Wednesday, September 04, 2013

It's About Regime Change

I spent some time yesterday watching the Senate Foreign Relations Committee hearings on the Syrian issue, and my first thought is to wonder why we keep electing idiots to public office. Probably because only idiots run for public office. Anyone with a grain of sense doesn’t want the job.

One thing that struck me was that there is a strong undercurrent of “regime change” in the administration’s position, no matter how much they try to deny it. Kerry and Hagel both spoke repeatedly of “leveling the playing field,” of “degrading Assad’s overall capability,” and of the goal of removing Assad from power. They admitted that the Syrian air bases would be a target, because airplanes can be used to deliver chemical weapons.

Such has not been the case so far, but destroying air bases would certainly affect the balance of power in the civil war. That is supposedly not the goal of this intervention, but regime change was supposedly not the goal of intervention in Libya, either, until it was. While the purpose of this strike is supposedly about punishing the use of chemical weapons, Kerry and Hagel did a lot of talking about the goal of removing Assad from office and achieving a negotiated settlement of the civil war.

I seldom agree with anything Rand Paul says, but he came up with a few points that rather make sense. The first was to ask that Obama commit to being bound by the Congressional legislation. If, he says, Obama is reserving the right to attack Syria even if Congress votes not to allow him to do so, then Obama is making a farce of the Congress and of the legislative process, and the whole thing is a joke. Kerry had no real answer for that; a lot of words, but no real answer.

Paul’s second issue was to point out that Assad has acted very irrationally by using chemical weapons, so if we make a “punitive strike,” why do we assume that he will respond to that in a logical manner?
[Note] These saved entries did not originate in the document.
lemma card_cyclic_cover_ge: "cyclic_cover m 1 T \<Longrightarrow> (m + 1) div 2 \<le> card T"
  using card_inner_edges[of m T] by linarith

definition alternating :: "nat \<Rightarrow> nat \<Rightarrow> nat set" where
  "alternating m k = (\<lambda>t. (k + t) mod m) ` {t. t < m \<and> even t}"

lemma mem_alternating_iff:
  assumes "t < m"
  shows "(k + t) mod m \<in> alternating m k \<longleftrightarrow> even t"
proof
  assume "(k + t) mod m \<in> alternating m k"
  then obtain t' where "t' < m" "even t'" "(k + t) mod m = (k + t') mod m"
    unfolding alternating_def by auto
  then show "even t" using assms mod_add_left_cancel_less by metis
next
  assume "even t"
  then show "(k + t) mod m \<in> alternating m k" using assms unfolding alternating_def by blast
qed

lemma alternating_subset: "alternating m k \<subseteq> {..<m}"
  unfolding alternating_def by auto

lemma card_alternating: "card (alternating m k) = (m + 1) div 2"
proof -
  have "inj_on (\<lambda>t. (k + t) mod m) {t. t < m \<and> even t}"
    using bij_betw_imp_inj_on[OF bij_betw_mod_add] by (rule inj_on_subset) auto
  then show ?thesis unfolding alternating_def by (simp add: card_image card_even_less)
qed

lemma eq_alternating_iff:
  assumes T: "T \<subseteq> {..<m}"
  shows "T = alternating m k \<longleftrightarrow> (\<forall>t<m. (k + t) mod m \<in> T \<longleftrightarrow> even t)"
proof
  assume "T = alternating m k"
  then show "\<forall>t<m. (k + t) mod m \<in> T \<longleftrightarrow> even t" using mem_alternating_iff by simp
next
  assume parity: "\<forall>t<m. (k + t) mod m \<in> T \<longleftrightarrow> even t"
  show "T = alternating m k"
  proof (rule set_eqI)
    fix x
    show "x \<in> T \<longleftrightarrow> x \<in> alternating m k"
    proof (cases "x < m")
      case True
      then obtain t where "t < m" "x = (k + t) mod m" by (rule mod_addE)
      then show ?thesis using parity mem_alternating_iff by simp
    next
      case False
      then show ?thesis using T alternating_subset by blast
    qed
  qed
qed

lemma cyclic_cover_alternating:
  assumes "0 < m"
  shows "cyclic_cover m 1 (alternating m k)"
  unfolding cyclic_cover_def
proof (intro conjI allI impI alternating_subset)
  fix x assume "x < m"
  then obtain t where t: "t < m" "x = (k + t) mod m" by (rule mod_addE)
  have next_pos: "(x + 1) mod m = (k + Suc t) mod m" using t by (simp add: mod_Suc_eq)
  show "x \<in> alternating m k \<or> (x + 1) mod m \<in> alternating m k"
  proof (cases "Suc t < m")
    case True
    then show ?thesis
      using mem_alternating_iff[OF t(1), of k] mem_alternating_iff[OF True, of k] t(2) next_pos
      by auto
  next
    case False
    then have "Suc t = m" using t(1) by simp
    then have "(x + 1) mod m = (k + 0) mod m" using next_pos by simp
    then show ?thesis using mem_alternating_iff[of 0 m k] assms by simp
  qed
qed

lemma cyclic_cover_eq_alternating:
  assumes cover: "cyclic_cover m 1 T" and k: "k \<in> T"
    and no_inner: "\<And>t. Suc t < m \<Longrightarrow> (k + t) mod m \<notin> inner_edges m T"
  shows "T = alternating m k"
proof -
  have T: "T \<subseteq> {..<m}" using cover unfolding cyclic_cover_def by simp
  have "(k + t) mod m \<in> T \<longleftrightarrow> even t" if "t < m" for t
    using that
  proof (induction t)
    case 0
    then show ?case using k T by auto
  next
    case (Suc t)
    define x where "x = (k + t) mod m"
    have x: "x < m" "(x + 1) mod m = (k + Suc t) mod m"
      using Suc.prems unfolding x_def by (auto simp: mod_Suc_eq)
    have "x \<in> T \<or> (x + 1) mod m \<in> T" using cover x(1) unfolding cyclic_cover_def by blast
    moreover have "\<not> (x \<in> T \<and> (x + 1) mod m \<in> T)"
      using no_inner[OF Suc.prems] x(1) unfolding x_def inner_edges_def by blast
    ultimately show ?case using Suc x unfolding x_def by auto
  qed
  then show ?thesis using eq_alternating_iff[OF T] by blast
qed

definition min_cycle_covers :: "nat \<Rightarrow> nat set set" where
  "min_cycle_covers m = {T. cyclic_cover m 1 T \<and> card T = (m + 1) div 2}"

lemma alternating_in_min_cycle_covers: "0 < m \<Longrightarrow> alternating m k \<in> min_cycle_covers m"
  unfolding min_cycle_covers_def using cyclic_cover_alternating card_alternating by simp

lemma card_inner_edges_min_cycle_cover:
  "T \<in> min_cycle_covers m \<Longrightarrow> card (inner_edges m T) = m mod 2"
  unfolding min_cycle_covers_def using card_inner_edges[of m T] by auto presburger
How do we know, he asks, that the strike will not merely make him angry and cause him to use them again?

Kerry got very huffy at that point, pounded on the table and retorted that, “I can guarantee you, guarantee you sir, that he absolutely will use them again if we don’t strike.” (emphasis Kerry's) It was dramatic, but it didn’t seem to me that he answered Paul’s question.

Paul didn’t think so either, because he merely repeated his question, and added a few more uncertainties. How, he wanted to know, do we know that Russia will do nothing? How do we know that Iran and Hezbollah will do nothing? How do we know that Israel will not be attacked? He suggested that we are creating a great many risks with this “punishment” of Assad with no assurance that it will even do what we intend for it to do.

Make no mistake, this is about “regime change” and the outcome is highly uncertain.

1 comment:

  1. Good Questions and no answers, because logically, with uncertainty = he can't..

    Airfields, command & control centers, troops and transport concentrations, materiel depots (except of course, actual chemical stockpiles) are all legitimate targets. If Assad just happens to be in one of those C&C, oopsie...

    And there will be boots on the ground if an aircrew gets shot down.